As such, rather than write another post on some random specific argument, I thought I’d do a little summary of some of the things that have happened in Janus these past few months, and what’s actually cooking right now. Hopefully that will intrigue you enough to start tinkering with them, possibly surprise you with things you didn’t know were possible already, and why not, help you come up with new ideas for that cool WebRTC project you always wanted to make!

We’ll begin with what’s already here, and then move to what we’re working on, so buckle up and let’s get started…

I (kinda) learned how to make a pizza at home!

Is this important? Well, that depends on how often you eat pizza, and how much you enjoy it… Living in the land where it was born and made amazing, I used to eat one AT LEAST once a week, and with the whole country being on lockdown (which included delivery services being shut down too) that was a huge blow! So yes, it was important for me…

Is this relevant to Janus, or this blog post for that matter? Well, it’s “cooking”, but apart from that, no, not at all!

So why am I still typing this section? Not sure… let’s move on to some actually useful info instead

A ton of fixes!

Don’t find this exciting? Well, you should! It may be an anticlimatic way to start this roll, but I actually think this is a big deal. While new features are always exciting (and I definitely like jumping on new stuff!), stability and reliability are actually very important when it comes to deploying a WebRTC service in production.
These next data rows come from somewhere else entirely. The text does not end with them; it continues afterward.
(* Soundness: R_a[x] \<subseteq> a validates p \<box>\<rightarrow> p. For the transitivity axiom, if
   R_|p|[y] \<subseteq> |q| then every R_|p|-successor of y lies above an R_|q|-successor, where r
   holds, and truth persists upwards.
   Completeness: the canonical frame consists of the prime theories, ordered by inclusion.
   By normality of \<box>\<rightarrow> and the Lindenbaum lemma, A \<box>\<rightarrow> B \<in> W iff B lies in every prime
   theory containing {C. A \<box>\<rightarrow> C \<in> W}. The canonical R is chosen so that on the truth
   set of A it relates W to exactly these prime theories (this is where p \<box>\<rightarrow> p and
   transitivity are used), which gives the truth lemma, while the frame conditions hold
   for arbitrary upsets. *)

section \<open>Derivations in ICK\<close>

lemma ICK_K: "ICK \<Gamma> (Imp A (Imp B A))"
  by (intro ICK.ipc ipc_axiom.intros)

lemma ICK_S: "ICK \<Gamma> (Imp (Imp A (Imp B C)) (Imp (Imp A B) (Imp A C)))"
  by (intro ICK.ipc ipc_axiom.intros)

lemma ICK_conj_pair: "ICK \<Gamma> (Imp A (Imp B (And A B)))"
  by (intro ICK.ipc ipc_axiom.intros)

lemma ICK_conjunct1: "ICK \<Gamma> (Imp (And A B) A)"
  by (intro ICK.ipc ipc_axiom.intros)

lemma ICK_conjunct2: "ICK \<Gamma> (Imp (And A B) B)"
  by (intro ICK.ipc ipc_axiom.intros)

lemma ICK_disjI1: "ICK \<Gamma> (Imp A (Or A B))"
  by (intro ICK.ipc ipc_axiom.intros)

lemma ICK_disjI2: "ICK \<Gamma> (Imp B (Or A B))"
  by (intro ICK.ipc ipc_axiom.intros)

lemma ICK_weaken: "ICK \<Gamma> A \<Longrightarrow> ICK \<Gamma> (Imp B A)"
  by (rule ICK.mp[OF ICK_K])

lemma ICK_imp_refl: "ICK \<Gamma> (Imp A A)"
  by (rule ICK.mp[OF ICK.mp[OF ICK_S ICK_K] ICK_K[where B = A]])

lemma ICK_imp_mono: "ICK \<Gamma> (Imp A B) \<Longrightarrow> ICK \<Gamma> (Imp (Imp C A) (Imp C B))"
  by (rule ICK.mp[OF ICK_S ICK_weaken])

lemma ICK_imp_trans: "ICK \<Gamma> (Imp A B) \<Longrightarrow> ICK \<Gamma> (Imp B C) \<Longrightarrow> ICK \<Gamma> (Imp A C)"
  by (rule ICK.mp[OF ICK_imp_mono])

lemma ICK_foldr_Imp_weaken: "ICK \<Gamma> B \<Longrightarrow> ICK \<Gamma> (foldr Imp xs B)"
  by (induction xs) (auto intro: ICK_weaken)

lemma ICK_foldr_Imp_distrib:
  "ICK \<Gamma> (Imp (foldr Imp xs (Imp B C)) (Imp (foldr Imp xs B) (foldr Imp xs C)))"
proof (induction xs)
  case Nil
  show ?case by (simp add: ICK_imp_refl)
next
  case (Cons x xs)
  then show ?case
    by (simp add: ICK_imp_trans[OF ICK_imp_mono ICK_S])
qed

lemma ICK_foldr_Imp_mp:
  "ICK \<Gamma> (foldr Imp xs (Imp B C)) \<Longrightarrow> ICK \<Gamma> (foldr Imp xs B) \<Longrightarrow> ICK \<Gamma> (foldr Imp xs C)"
  using ICK.mp[OF ICK.mp[OF ICK_foldr_Imp_distrib]] .

lemma ICK_foldr_Imp_member: "x \<in> set xs \<Longrightarrow> ICK \<Gamma> (foldr Imp xs x)"
proof (induction xs)
  case Nil
  then show ?case by simp
next
  case (Cons y ys)
  have "ICK \<Gamma> (Imp x (foldr Imp ys x))"
    by (induction ys) (auto intro: ICK_imp_refl ICK_imp_trans[OF _ ICK_K])
  with Cons show ?case
    by (auto intro: ICK_weaken)
qed

lemma ICK_foldr_Imp_cut:
  "ICK \<Gamma> (foldr Imp ys (foldr Imp xs C)) \<Longrightarrow> (\<forall>x\<in>set xs. ICK \<Gamma> (foldr Imp ys x))
    \<Longrightarrow> ICK \<Gamma> (foldr Imp ys C)"
  by (induction xs arbitrary: C) (auto intro: ICK_foldr_Imp_mp)

lemma ICK_foldr_Imp_subset:
  "set xs \<subseteq> set ys \<Longrightarrow> ICK \<Gamma> (foldr Imp xs C) \<Longrightarrow> ICK \<Gamma> (foldr Imp ys C)"
  by (blast intro: ICK_foldr_Imp_cut ICK_foldr_Imp_weaken ICK_foldr_Imp_member)

lemma ICK_conjI: "ICK \<Gamma> A \<Longrightarrow> ICK \<Gamma> B \<Longrightarrow> ICK \<Gamma> (And A B)"
  using ICK.mp[OF ICK.mp[OF ICK_conj_pair]] .

lemma ICK_IffD1: "ICK \<Gamma> (Iff A B) \<Longrightarrow> ICK \<Gamma> (Imp A B)"
  unfolding Iff_def by (rule ICK.mp[OF ICK_conjunct1])

lemma ICK_IffD2: "ICK \<Gamma> (Iff A B) \<Longrightarrow> ICK \<Gamma> (Imp B A)"
  unfolding Iff_def by (rule ICK.mp[OF ICK_conjunct2])

lemma ICK_Cond_And: "ICK \<Gamma> (Iff (Cond C (And A B)) (And (Cond C A) (Cond C B)))"
  using ICK.usubst[OF ICK.cond_and, of \<Gamma> "\<lambda>n. [C, A, B] ! n"]
  by (simp add: Iff_def)

lemma ICK_Cond_Top: "ICK \<Gamma> (Iff (Cond C Top) Top)"
  using ICK.usubst[OF ICK.cond_top, of \<Gamma> "\<lambda>_. C"]
  by (simp add: Iff_def Top_def)

lemma ICK_Cond_mono: "ICK \<Gamma> (Imp A B) \<Longrightarrow> ICK \<Gamma> (Imp (Cond C A) (Cond C B))"
proof -
  assume "ICK \<Gamma> (Imp A B)"
  then have "ICK \<Gamma> (Imp A (And A B))"
    using ICK.mp[OF ICK.mp[OF ICK_S ICK_conj_pair]] by blast
  then have "ICK \<Gamma> (Iff A (And A B))"
    unfolding Iff_def by (rule ICK_conjI[OF _ ICK_conjunct1])
  then have "ICK \<Gamma> (Imp (Cond C A) (Cond C (And A B)))"
    by (intro ICK_IffD1 ICK.cong_right)
  moreover have "ICK \<Gamma> (Imp (Cond C (And A B)) (Cond C B))"
    by (rule ICK_imp_trans[OF ICK_IffD1[OF ICK_Cond_And] ICK_conjunct2])
  ultimately show ?thesis
    by (rule ICK_imp_trans)
qed

lemma ICK_Cond_nec: "ICK \<Gamma> A \<Longrightarrow> ICK \<Gamma> (Cond C A)"
proof -
  assume "ICK \<Gamma> A"
  then have "ICK \<Gamma> (Imp (Cond C Top) (Cond C A))"
    by (intro ICK_Cond_mono ICK_weaken)
  moreover have "ICK \<Gamma> (Cond C Top)"
    using ICK.mp[OF ICK_IffD2[OF ICK_Cond_Top]] ICK_imp_refl unfolding Top_def by blast
  ultimately show ?thesis
    by (rule ICK.mp)
qed

lemma ICK_Cond_K: "ICK \<Gamma> (Imp (And (Cond C (Imp A B)) (Cond C A)) (Cond C B))"
proof -
  have "ICK \<Gamma> (Imp (And (Imp A B) A) B)"
    using ICK.mp[OF ICK.mp[OF ICK_S ICK_conjunct1] ICK_conjunct2] .
  then show ?thesis
    by (rule ICK_imp_trans[OF ICK_IffD2[OF ICK_Cond_And] ICK_Cond_mono])
qed

lemma HLC_flat_Cond_refl: "HLC_flat (Cond A A)"
  using ICK.usubst[OF ICK.extra[of "Cond (Var 0) (Var 0)"], where s = "\<lambda>_. A"]
  by (simp add: HLC_flat_axioms_def)

lemma HLC_flat_Cond_trans: "HLC_flat (Imp (And (Cond A B) (Cond B C)) (Cond A C))"
  using ICK.usubst[OF ICK.extra[of
      "Imp (And (Cond (Var 0) (Var 1)) (Cond (Var 1) (Var 2))) (Cond (Var 0) (Var 2))"],
    where s = "\<lambda>n. [A, B, C] ! n"]
  by (simp add: HLC_flat_axioms_def)

section \<open>Derivability from hypotheses and prime theories\<close>

(* Hypotheses cannot simply be added to \<Gamma>, which is closed under uniform substitution;
   derivability from G is expressed by implication chains instead. *)
definition derivable :: "fm set \<Rightarrow> fm set \<Rightarrow> fm \<Rightarrow> bool" where
  "derivable \<Gamma> G C \<longleftrightarrow> (\<exists>xs. set xs \<subseteq> G \<and> ICK \<Gamma> (foldr Imp xs C))"

lemma derivable_empty_iff: "derivable \<Gamma> {} C \<longleftrightarrow> ICK \<Gamma> C"
  by (simp add: derivable_def)

lemma derivable_theorem: "ICK \<Gamma> C \<Longrightarrow> derivable \<Gamma> G C"
  unfolding derivable_def by (rule exI[of _ "[]"]) simp

lemma derivable_member: "C \<in> G \<Longrightarrow> derivable \<Gamma> G C"
  unfolding derivable_def by (rule exI[of _ "[C]"]) (simp add: ICK_imp_refl)

lemma derivable_mp:
  assumes "derivable \<Gamma> G (Imp A B)" and "derivable \<Gamma> G A"
  shows "derivable \<Gamma> G B"
proof -
  obtain xs ys where xs: "set xs \<subseteq> G" "ICK \<Gamma> (foldr Imp xs (Imp A B))"
    and ys: "set ys \<subseteq> G" "ICK \<Gamma> (foldr Imp ys A)"
    using assms unfolding derivable_def by blast
  have "set xs \<subseteq> set (xs @ ys)" "set ys \<subseteq> set (xs @ ys)"
    by auto
  then have "ICK \<Gamma> (foldr Imp (xs @ ys) B)"
    using ICK_foldr_Imp_mp ICK_foldr_Imp_subset xs(2) ys(2) by metis
  moreover have "set (xs @ ys) \<subseteq> G"
    using xs(1) ys(1) by simp
  ultimately show ?thesis
    unfolding derivable_def by blast
qed

lemma derivable_deduction: "derivable \<Gamma> (insert A G) B \<Longrightarrow> derivable \<Gamma> G (Imp A B)"
proof -
  assume "derivable \<Gamma> (insert A G) B"
  then obtain xs where xs: "set xs \<subseteq> insert A G" "ICK \<Gamma> (foldr Imp xs B)"
    unfolding derivable_def by blast
  define ys where "ys = filter (\<lambda>x. x \<noteq> A) xs"
  have "set xs \<subseteq> set (ys @ [A])"
    using xs(1) by (auto simp: ys_def)
  then have "ICK \<Gamma> (foldr Imp (ys @ [A]) B)"
    using ICK_foldr_Imp_subset[OF _ xs(2)] by (simp del: foldr_append)
  moreover have "set ys \<subseteq> G"
    using xs(1) by (auto simp: ys_def)
  ultimately show ?thesis
    unfolding derivable_def by auto
qed

definition prime_theory :: "fm set \<Rightarrow> fm set \<Rightarrow> bool" where
  "prime_theory \<Gamma> W \<longleftrightarrow>
     (\<forall>C. derivable \<Gamma> W C \<longrightarrow> C \<in> W) \<and> Bot \<notin> W \<and> (\<forall>A B. Or A B \<in> W \<longrightarrow> A \<in> W \<or> B \<in> W)"

lemma maximal_non_derivable_exists:
  assumes "\<not> derivable \<Gamma> G C"
  obtains M where "G \<subseteq> M" "\<not> derivable \<Gamma> M C"
    "\<And>N. M \<subseteq> N \<Longrightarrow> \<not> derivable \<Gamma> N C \<Longrightarrow> N = M"
proof -
  let ?S = "{M. G \<subseteq> M \<and> \<not> derivable \<Gamma> M C}"
  have "\<exists>M\<in>?S. \<forall>N\<in>?S. M \<subseteq> N \<longrightarrow> N = M"
  proof (rule subset_Zorn_nonempty)
    show "?S \<noteq> {}"
      using assms by blast
  next
    fix \<C> assume \<C>: "\<C> \<noteq> {}" "subset.chain ?S \<C>"
    then have members: "G \<subseteq> M" "\<not> derivable \<Gamma> M C" if "M \<in> \<C>" for M
      using that unfolding subset.chain_def by blast+
    have "\<not> derivable \<Gamma> (\<Union>\<C>) C"
    proof
      assume "derivable \<Gamma> (\<Union>\<C>) C"
      then obtain xs where xs: "set xs \<subseteq> \<Union>\<C>" "ICK \<Gamma> (foldr Imp xs C)"
        unfolding derivable_def by blast
      obtain M where "M \<in> \<C>" "set xs \<subseteq> M"
        using finite_subset_Union_chain[OF finite_set xs(1) \<C>] by blast
      with xs(2) have "derivable \<Gamma> M C"
        unfolding derivable_def by blast
      with members(2)[OF \<open>M \<in> \<C>\<close>] show False ..
    qed
    moreover have "G \<subseteq> \<Union>\<C>"
      using \<C>(1) members(1) by blast
    ultimately show "\<Union>\<C> \<in> ?S"
      by blast
  qed
  then obtain M where M: "M \<in> ?S" and max: "\<forall>N\<in>?S. M \<subseteq> N \<longrightarrow> N = M" ..
  show thesis
  proof (rule that)
    show "G \<subseteq> M" "\<not> derivable \<Gamma> M C"
      using M by simp_all
    fix N assume "M \<subseteq> N" "\<not> derivable \<Gamma> N C"
    with M max show "N = M"
      by auto
  qed
qed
We worked a lot on that these past few months, and our recent integration of fuzzing techniques, static analysis via Coverity and continuous integration via Travis CI definitely helped with that.

One of the most important fixes was related to occasional audio/video desyncs that could happen from time to time: after investigating the issue for quite some time, we eventually came up with a fix on our RTCP code that finally put a stop to that!

But we actually fixed a lot of stuff pretty much everywhere, ranging from ICE-related issues, to random crashes or deadlocks that could happen in different plugins for different reasons. While the journey to a bug-free software is one that admittedly will never end, I think it’s safe to say that Janus has never been as stable as it is now!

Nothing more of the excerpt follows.